Thanks Mac! I'll try it out this weekend. I'll put up the picture it after the facelift  If you have any other tips, keep em posted. Will serve useful for others too!


----------



## Southern (Nov 17, 2008)

I would test any chemical used to strip the paint on a small hard to see spot on the inside of the car first. Just to make sure it is safe.


----------



## tankist (Jun 11, 2009)

Southern said:


> I would test any chemical used to strip the paint on a small hard to see spot on the inside of the car first. Just to make sure it is safe.


yep. some plastics react (soften) to brake fluid, some to pinesol (which is another solution to deep your car into). i'm not platstics chemist and can't explain further. with that there are some paints that polimerize (much like epoxy) and cannot be dissolved later - flakes removed by brushing


----------



## ALCOS4EVER (Jun 30, 2009)

Brake fluid or PineSol may work. There are also some products you can get from your hobby shop too. I can't remember their names. DO NOT USE "BRAKE CLEANER" ON PLASTIC!!! It is a solvent and will melt the plastic. Make sure to clean the part well in dish detergent and water and allow to dry overnight before repainting to remove all traces of stripper, "Dawn" works great. Good luck.


----------



## andersley (Oct 24, 2010)

There are several strippers made specially for plastic models. One is Chamelion: http://www.chameleonproductsonline.com/
This is one I use regularly with good results. 
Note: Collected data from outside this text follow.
text \<open>One round with a guard on duty: the guard steps onto the shadow. If the robber then changes
  his suffix without getting next to the guard, the suffix gains a 1; this is the escape.\<close>

lemma guarded_step:
  assumes "guarded m g F r" "cops_move_ok (\<Gamma> (m + 4)) hypercube_adj F F'"
    and escape: "\<And>g' F'' r'. guarded m g' F'' r' \<Longrightarrow> length F'' = length F \<Longrightarrow>
      count_list (drop m r) True < count_list (drop m r') True \<Longrightarrow>
      cop_wins (\<Gamma> (m + 4)) hypercube_adj (g' # F'') r'"
    and continue: "\<And>r'. move_ok (\<Gamma> (m + 4)) hypercube_adj r r' \<Longrightarrow> drop m r' = drop m r \<Longrightarrow>
      cop_wins (\<Gamma> (m + 4)) hypercube_adj (shadow m r # F') r'"
  shows "cop_wins (\<Gamma> (m + 4)) hypercube_adj (g # F) r"
proof (rule cop_wins.step)
  have r: "r \<in> \<Gamma> (m + 4)" and F: "set F \<subseteq> \<Gamma> (m + 4)"
    using assms(1) by (auto simp: guarded_def)
  show "cops_move_ok (\<Gamma> (m + 4)) hypercube_adj (g # F) (shadow m r # F')"
    using assms(1,2) by (simp add: guarded_def cops_move_ok_iff_list_all2)
  have "cop_wins (\<Gamma> (m + 4)) hypercube_adj (shadow m r # F') r'"
    if move: "move_ok (\<Gamma> (m + 4)) hypercube_adj r r'" for r'
    using r move
  proof (cases rule: move_ok_fib_cube_split)
    case prefix
    then show ?thesis using continue move by simp
  next
    case suffix
    have r': "r' \<in> \<Gamma> (m + 4)"
      using move_ok_mem[OF move r] .
    have shadow_eq: "shadow m r' = shadow m r"
      using suffix by (simp add: shadow_def)
    show ?thesis
    proof (cases "move_ok (\<Gamma> (m + 4)) hypercube_adj (shadow m r) r'")
      case True
      then show ?thesis by (intro cop_wins_if_move_ok[of "shadow m r"]) simp_all
    next
      case False
      have "length (shadow m r') = length r'"
        using r' by (simp add: shadow_def fib_cube_vertices_iff)
      with False r' have "2 \<le> count_list (drop m r') True"
        using hamming_shadow[OF r'] shadow_eq by (simp add: move_ok_iff_hamming)
      then have "count_list (drop m r) True < count_list (drop m r') True"
        using count_True_less_if_fib_cube4_adj drop_mem_fib_cube r r' suffix(2) by blast
      moreover have "guarded m (shadow m r) F' r'"
        using r' shadow_eq cops_move_ok_subset[OF assms(2) F] by (simp add: guarded_def)
      moreover have "length F' = length F"
        using assms(2) by (simp add: cops_move_ok_def)
      ultimately show ?thesis
        using escape by blast
    qed
  qed
  then show "r \<in> set (shadow m r # F') \<or>
      (\<forall>r'. move_ok (\<Gamma> (m + 4)) hypercube_adj r r' \<longrightarrow>
        cop_wins (\<Gamma> (m + 4)) hypercube_adj (shadow m r # F') r')"
    by blast
qed
(* Let $A=M_2(\mathbb{C})$ with the first order calculus $\Omega^1=M_2 s\oplus M_2 t$ described below, and let $\mathcal{S}=M_2(\mathbb{C})\oplus M_2(\mathbb{C})$ with left action by matrix multiplication on each summand and inner product $\langle\!\langle\overline{x\oplus u},y\oplus v\rangle\!\rangle=\mathrm{Tr}(x^*y+u^*v)$. Define $D(x\oplus u)=[E_{12},u]\oplus[E_{21},x]$, $\mathcal{J}(x\oplus u)=(-u^* )\oplus x^*$, $\gamma(x\oplus u)=(-x)\oplus u$, $(p\oplus q)\triangleright(x\oplus u)=pu\oplus qx$ (identifying $ps+qt\in\Omega^1$ with $p\oplus q$), $\nabla_{\mathcal{S}}(x\oplus u)={\rm d}x\otimes(1\oplus0)+{\rm d}u\otimes(0\oplus1)$, and $\sigma_{\mathcal{S}}((x\oplus u)\otimes\xi)=x\xi\otimes(1\oplus0)+u\xi\otimes(0\oplus1)$. Then $(\nabla_{\mathcal S},\sigma_{\mathcal S})$ is a left bimodule connection for the bimodule structure $\psi.a=\mathcal J a^*\mathcal J^{-1}\psi$ (explicitly $(x\oplus u).a=xa\oplus ua$), $D=\triangleright\circ\nabla_{\mathcal{S}}$, and $(A,\mathcal{S},D,\mathcal{J},\gamma)$ satisfies: $D$ hermitian, $\gamma^*=\gamma$, $\mathcal J$ an antilinear isometry ($\langle\!\langle\overline{\mathcal J\psi},\mathcal J\phi\rangle\!\rangle=\langle\!\langle\overline\phi,\psi\rangle\!\rangle$), $\mathcal{J}^2=-1$, $\mathcal{J}\gamma=-\gamma\mathcal{J}$, $\gamma^2=1$, $[\gamma,a]=0$, $D\gamma=-\gamma D$, $[a,\mathcal{J}b\mathcal{J}^{-1}]=0$, $\mathcal{J}D=D\mathcal{J}$, and $[[D,a],\mathcal{J}b\mathcal{J}^{-1}]=0$ for all $a,b\in A$; i.e. a real spectral triple of dimension $2$ with $\epsilon=-1,\epsilon'=1,\epsilon''=-1$. Moreover, with $\gamma^i=\imath\sigma^i$ ($\sigma^i$ Pauli matrices) acting on $\mathcal S=\mathbb C^2\otimes M_2(\mathbb C)$, $D=-\tfrac12\big(\gamma^1\otimes[\gamma^1,\cdot\,]-\gamma^2\otimes[\gamma^2,\cdot\,]\big)$.
   Context: $E_{ij}$ are the matrix units. The calculus: $\Omega^1=M_2s\oplus M_2t$ as an $M_2$-bimodule, where $s,t$ are central symbols with $st=ts$, $s^2=t^2=0$, and ${\rm d}a=[E_{12}s+E_{21}t,a]=[E_{12},a]s+[E_{21},a]t$ (graded commutator in higher degree); the star is the usual matrix adjoint with $s^*=-t$. The commutator $[D,a]$ means $D\circ a-a\circ D$ with $a$ acting by left multiplication. *)

theory Defs
  imports "HOL-Analysis.Analysis" "HOL-Library.Product_Plus"
begin

type_synonym m2 = "complex^2^2"

type_synonym spinor = "m2 \<times> m2"

text \<open>Omega^1 = M_2 s (+) M_2 t; a pair (p,q) stands for p s + q t.\<close>
type_synonym omega1 = "m2 \<times> m2"

text \<open>Omega^1 tensor_A S.  Since s,t are central and Omega^1 is free on them,
  Omega^1 tensor_A S = s tensor S (+) t tensor S; a pair (phi1,phi2) stands for
  s tensor phi1 + t tensor phi2.\<close>
type_synonym omegaS = "spinor \<times> spinor"

definition E :: "2 \<Rightarrow> 2 \<Rightarrow> m2" where
  "E i j = (\<chi> k l. if k = i \<and> l = j then 1 else 0)"

definition E12 :: m2 where "E12 = E 1 2"
definition E21 :: m2 where "E21 = E 2 1"

definition mcomm :: "m2 \<Rightarrow> m2 \<Rightarrow> m2" where
  "mcomm a b = a ** b - b ** a"

definition madj :: "m2 \<Rightarrow> m2" where
  "madj m = (\<chi> i j. cnj (m $ j $ i))"

definition mtr :: "m2 \<Rightarrow> complex" where
  "mtr m = (\<Sum>i\<in>UNIV. m $ i $ i)"

definition msc :: "complex \<Rightarrow> m2 \<Rightarrow> m2" where
  "msc c m = (\<chi> i j. c * m $ i $ j)"

definition dA :: "m2 \<Rightarrow> omega1" where
  "dA a = (mcomm E12 a, mcomm E21 a)"

definition lact :: "m2 \<Rightarrow> spinor \<Rightarrow> spinor" where
  "lact a \<psi> = (a ** fst \<psi>, a ** snd \<psi>)"

definition lactO :: "m2 \<Rightarrow> omega1 \<Rightarrow> omega1" where
  "lactO a \<xi> = (a ** fst \<xi>, a ** snd \<xi>)"

definition ractO :: "omega1 \<Rightarrow> m2 \<Rightarrow> omega1" where
  "ractO \<xi> a = (fst \<xi> ** a, snd \<xi> ** a)"

definition lactT :: "m2 \<Rightarrow> omegaS \<Rightarrow> omegaS" where
  "lactT a \<Phi> = (lact a (fst \<Phi>), lact a (snd \<Phi>))"
lemma box_mass_pos_finite:
  assumes a\<beta>: "(a, \<beta>) \<in> SD" and U: "open U" "a \<in> U" and W: "open W" "\<beta> \<in> W"
  obtains U' W' where "open U'" "open W'" "a \<in> U'" "\<beta> \<in> W'" "U' \<subseteq> U" "W' \<subseteq> W"
    "0 < box_mass (G.d a) U' W'" "box_mass (G.d a) U' W' < \<infinity>"
proof -
  obtain U1 K where U1: "open U1" "compact K" "a \<in> U1" "U1 \<subseteq> K"
    using locally_compact_neighbourhoodE[OF G.locally_compact] .
  obtain V1 W1 C where V1: "open V1" "a \<in> V1" "open W1" "\<beta> \<in> W1"
    and bounded: "\<And>x. x \<in> V1 \<Longrightarrow> emeasure (lam (sig x)) W1 \<le> ennreal C"
    by (rule emeasure_lam_sig_bounded_near[where a = a and \<beta> = \<beta>]) blast
  obtain V2 \<epsilon> where V2: "open V2" "a \<in> V2" "0 < \<epsilon>"
    and pos: "\<And>x. x \<in> V2 \<Longrightarrow> ennreal \<epsilon> \<le> emeasure (lam (sig x)) (W \<inter> W1)"
    using emeasure_lam_sig_pos_near[OF a\<beta>, of "W \<inter> W1"] W V1 by auto
  define U' where "U' = U \<inter> U1 \<inter> V1 \<inter> V2"
  have U': "open U'" "a \<in> U'" using U U1 V1 V2 by (auto simp: U'_def)
  have "box_mass (G.d a) U' (W \<inter> W1) \<le> (\<integral>\<^sup>+ x. ennreal C * indicator K x \<partial>haar_lower invG nu (G.d a))"
    unfolding box_mass_def
  proof (rule nn_integral_mono)
    fix x
    have "emeasure (lam (sig x)) (W \<inter> W1) \<le> emeasure (lam (sig x)) W1"
      using W V1 by (intro emeasure_mono) auto
    then show "indicator U' x * emeasure (lam (sig x)) (W \<inter> W1) \<le> ennreal C * indicator K x"
      using bounded[of x] U1(4) by (auto simp: U'_def indicator_def)
  qed
  also have "\<dots> < \<infinity>"
    using U1(2) G.haar_lower_compact_finite[OF G.d_in_units U1(2)]
    by (simp add: nn_integral_cmult_indicator compact_imp_closed ennreal_mult_less_top haar_lower_def)
  finally have finite: "box_mass (G.d a) U' (W \<inter> W1) < \<infinity>" .
  have "0 < ennreal \<epsilon> * emeasure (haar_lower invG nu (G.d a)) U'"
    using V2(3) G.haar_lower_open_pos[OF U'] by (simp add: ennreal_zero_less_mult_iff)
  also have "\<dots> = (\<integral>\<^sup>+ x. ennreal \<epsilon> * indicator U' x \<partial>haar_lower invG nu (G.d a))"
    using U'(1) by (simp add: nn_integral_cmult_indicator haar_lower_def)
  also have "\<dots> \<le> box_mass (G.d a) U' (W \<inter> W1)"
    unfolding box_mass_def using pos by (intro nn_integral_mono) (auto simp: U'_def indicator_def)
  finally show ?thesis
    using U' W V1 finite by (intro that[of U' "W \<inter> W1"]) (auto simp: U'_def)
qed
lemma eps_inf_laplacian_comparison:
  fixes u v :: "'a::metric_space \<Rightarrow> real"
  assumes "open \<Omega>" "0 < \<epsilon>" "0 < \<theta>"
    and u: "bounded (u ` closure \<Omega>)" and v: "bounded (v ` closure \<Omega>)"
    and boundary: "\<And>y. y \<in> frontier \<Omega> \<Longrightarrow> u y \<le> v y"
    and gap: "\<And>x. x \<in> \<Omega> \<Longrightarrow> eps_inf_laplacian \<Omega> \<epsilon> v x + \<theta> \<le> eps_inf_laplacian \<Omega> \<epsilon> u x"
    and z: "z \<in> closure \<Omega>"
  shows "u z \<le> v z"
proof (rule ccontr)
  assume "\<not> u z \<le> v z"
  have "bounded ((\<lambda>z. u z - v z) ` closure \<Omega>)"
    using bounded_minus_comp[OF u v] by (simp add: image_image)
  then have bdd: "bdd_above ((\<lambda>z. u z - v z) ` closure \<Omega>)" by (rule bounded_imp_bdd_above)
  define m where "m = (SUP z\<in>closure \<Omega>. u z - v z)"
  have um: "u z' - v z' \<le> m" if "z' \<in> closure \<Omega>" for z' unfolding m_def using bdd that by (intro cSUP_upper)
  have "0 < m" using um[OF z] \<open>\<not> u z \<le> v z\<close> by simp
  define \<eta> where "\<eta> = min m \<theta> / 2"
  have \<eta>: "0 < \<eta>" "2 * \<eta> \<le> \<theta>" using \<open>0 < m\<close> \<open>0 < \<theta>\<close> unfolding \<eta>_def by auto
  have "m - \<eta> < m" using \<eta> by simp
  then obtain x where x: "x \<in> closure \<Omega>" "m - \<eta> < u x - v x"
    unfolding m_def using less_cSUP_iff[OF _ bdd] z by (metis empty_iff)
  have "x \<notin> frontier \<Omega>" using boundary[of x] x \<eta> unfolding \<eta>_def using \<open>0 < m\<close> by force
  then have "x \<in> \<Omega>" using x(1) \<open>open \<Omega>\<close> by (simp add: frontier_def interior_open)
  let ?B = "iball \<Omega> x \<epsilon>"
  have ne: "?B \<noteq> {}" using centre_in_iball[OF x(1) \<open>0 < \<epsilon>\<close>] by blast
  \<comment> \<open>near a maximum point of \<open>u - v\<close> the \<open>\<epsilon>\<close>-Laplacians differ by at most \<open>2 \<eta>\<close>\<close>
  have "(INF y\<in>?B. u y) - m \<le> (INF y\<in>?B. v y)"
  proof (rule cINF_greatest[OF ne])
    fix y assume y: "y \<in> ?B"
    have "(INF y\<in>?B. u y) \<le> u y" using bdd_image_iball[OF u] y by (intro cINF_lower)
    then show "(INF y\<in>?B. u y) - m \<le> v y" using um[of y] y iball_subset_closure by force
  qed
  moreover have "(SUP y\<in>?B. u y) \<le> (SUP y\<in>?B. v y) + m"
  proof (rule cSUP_least[OF ne])
    fix y assume y: "y \<in> ?B"
    have "v y \<le> (SUP y\<in>?B. v y)" using bdd_image_iball[OF v] y by (intro cSUP_upper)
    then show "u y \<le> (SUP y\<in>?B. v y) + m" using um[of y] y iball_subset_closure by force
  qed
  ultimately have "eps_inf_laplacian \<Omega> \<epsilon> u x - eps_inf_laplacian \<Omega> \<epsilon> v x < 2 * \<eta>"
    using x(2) unfolding eps_inf_laplacian_def by simp
  then show False using gap[OF \<open>x \<in> \<Omega>\<close>] \<eta> by simp
qed

section \<open>Barriers\<close>

definition concave_quad :: "real \<Rightarrow> real \<Rightarrow> real" where
  "concave_quad P t = 2 * P * t - t\<^sup>2"

lemma concave_quad_mono: "s \<le> t \<Longrightarrow> t \<le> P \<Longrightarrow> concave_quad P s \<le> concave_quad P t"
proof -
  assume "s \<le> t" "t \<le> P"
  have "concave_quad P t - concave_quad P s = (t - s) * (2 * P - t - s)"
    unfolding concave_quad_def by (simp add: algebra_simps power2_eq_square)
  also have "\<dots> \<ge> 0" using \<open>s \<le> t\<close> \<open>t \<le> P\<close> by (intro mult_nonneg_nonneg) auto
  finally show ?thesis by simp
qed

lemma concave_quad_second_difference:
  assumes "0 \<le> a" "0 < \<eta>" "\<epsilon> \<le> 1" "2 * (P + 1) * \<eta> \<le> \<epsilon>\<^sup>2"
  shows "concave_quad P (a - \<epsilon> + \<eta>) + concave_quad P (a + \<epsilon>) - 2 * concave_quad P a \<le> - \<epsilon>\<^sup>2"
proof -
  have "concave_quad P (a - \<epsilon> + \<eta>) + concave_quad P (a + \<epsilon>) - 2 * concave_quad P a
      = 2 * P * \<eta> - 2 * \<epsilon>\<^sup>2 - 2 * (a * \<eta>) + 2 * (\<epsilon> * \<eta>) - \<eta> * \<eta>"
    unfolding concave_quad_def by (simp add: algebra_simps power2_eq_square)
  also have "\<dots> \<le> 2 * P * \<eta> - 2 * \<epsilon>\<^sup>2 + 2 * \<eta>"
  proof -
    have "\<epsilon> * \<eta> \<le> \<eta>" "0 \<le> a * \<eta>" "0 \<le> \<eta> * \<eta>"
      using assms mult_right_mono[of \<epsilon> 1 \<eta>] by simp_all
    then show ?thesis by linarith
  qed
  also have "\<dots> \<le> - \<epsilon>\<^sup>2" using assms(4) by (simp add: algebra_simps)
  finally show ?thesis .
qed

lemma abs_concave_quad_le: "\<bar>t\<bar> \<le> P \<Longrightarrow> \<bar>concave_quad P t\<bar> \<le> 3 * P\<^sup>2"
proof -
  assume t: "\<bar>t\<bar> \<le> P"
  have "\<bar>concave_quad P t\<bar> \<le> 2 * P * \<bar>t\<bar> + \<bar>t\<bar>\<^sup>2"
    unfolding concave_quad_def using t by (simp add: abs_mult abs_triangle_ineq4[THEN order_trans])
  also have "\<dots> \<le> 2 * P * P + P\<^sup>2"
    using t by (intro add_mono mult_left_mono power_mono) auto
  finally show ?thesis by (simp add: power2_eq_square)
qed

lemma concave_quad_ge:
  assumes "0 \<le> R" "R \<le> 1" "0 \<le> \<epsilon>" "\<epsilon> \<le> 1" "- \<epsilon> \<le> t" "t \<le> R"
  shows "- 3 * \<epsilon> \<le> concave_quad R t"
proof -
  have "- 3 * \<epsilon> \<le> concave_quad R (- \<epsilon>)"
    using assms mult_right_mono[of R 1 \<epsilon>] mult_right_mono[of \<epsilon> 1 \<epsilon>]
    unfolding concave_quad_def by (simp add: power2_eq_square)
  also have "\<dots> \<le> concave_quad R t" using assms by (intro concave_quad_mono)
  finally show ?thesis .
qed

text \<open>By concavity of the profile, a rise of at most \<open>\<epsilon>\<close> and a fall of almost \<open>\<epsilon>\<close> give a
  second difference of at most \<open>- \<epsilon>\<^sup>2\<close>.\<close>
lemma eps_inf_laplacian_concave_profile:
  fixes w \<rho> :: "'a::metric_space \<Rightarrow> real"
  assumes "bounded (w ` closure \<Omega>)" "0 < \<epsilon>" "\<epsilon> \<le> 1" "0 < \<eta>" "\<eta> \<le> \<epsilon>"
    "2 * (P + 1) * \<eta> \<le> \<epsilon>\<^sup>2" "0 \<le> c" "0 \<le> \<rho> x" "\<rho> x + \<epsilon> \<le> P"
    and w_x: "w x = K + c * concave_quad P (\<rho> x)"
    and w_le: "\<And>z. z \<in> iball \<Omega> x \<epsilon> \<Longrightarrow> w z \<le> K + c * concave_quad P (\<rho> z)"
    and rise: "\<And>z. z \<in> iball \<Omega> x \<epsilon> \<Longrightarrow> \<rho> z \<le> \<rho> x + \<epsilon>"
    and fall: "z0 \<in> iball \<Omega> x \<epsilon>" "\<rho> z0 \<le> \<rho> x - \<epsilon> + \<eta>"
  shows "eps_inf_laplacian \<Omega> \<epsilon> w x \<le> - c * \<epsilon>\<^sup>2"
proof -
  have profile_le: "w z \<le> K + c * concave_quad P s" if "z \<in> iball \<Omega> x \<epsilon>" "\<rho> z \<le> s" "s \<le> P" for z s
    using w_le[OF that(1)] concave_quad_mono[OF that(2,3)] \<open>0 \<le> c\<close>
    by (meson add_left_mono mult_left_mono order_trans)
  have "eps_inf_laplacian \<Omega> \<epsilon> w x \<le> w z0 + (K + c * concave_quad P (\<rho> x + \<epsilon>)) - 2 * w x"
    using assms by (intro eps_inf_laplacian_le profile_le) auto
  also have "\<dots> \<le> c * (concave_quad P (\<rho> x - \<epsilon> + \<eta>) + concave_quad P (\<rho> x + \<epsilon>) - 2 * concave_quad P (\<rho> x))"
    using profile_le[OF fall] assms unfolding w_x by (simp add: algebra_simps)
  also have "\<dots> \<le> c * (- \<epsilon>\<^sup>2)"
    using assms by (intro mult_left_mono concave_quad_second_difference) auto
  finally show ?thesis by simp
qed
Another I have used in the past is: http://www.emodels.co.uk/plastic-kits/product_info.php?products_id=17270
This also worked well.

Good luck!


----------



## Vish (Sep 3, 2010)

Thanks guys. I'll try to get the solvents Andersley mentioned. Hope the work..I should get it removed this weekend. Will post the 'After' pic for you guys to see my workmanship


----------



## imatt88 (Jan 31, 2010)

I use Easy Off for everything. Never had a problem


----------



## Smokestack Lightning (Oct 31, 2010)

tjcruiser said:


> Vish,
> 
> Do you plan to disassemble it first? I.e., remove frame, trucks, shell, etc.?
> 
> ...


+1 on oven cleaner on metal:thumbsup:


----------



## Felginator (Oct 20, 2010)

I've used Castrol Super Clean to strip paint from ABS remote control car bodies, never damaged the plastics at all.


----------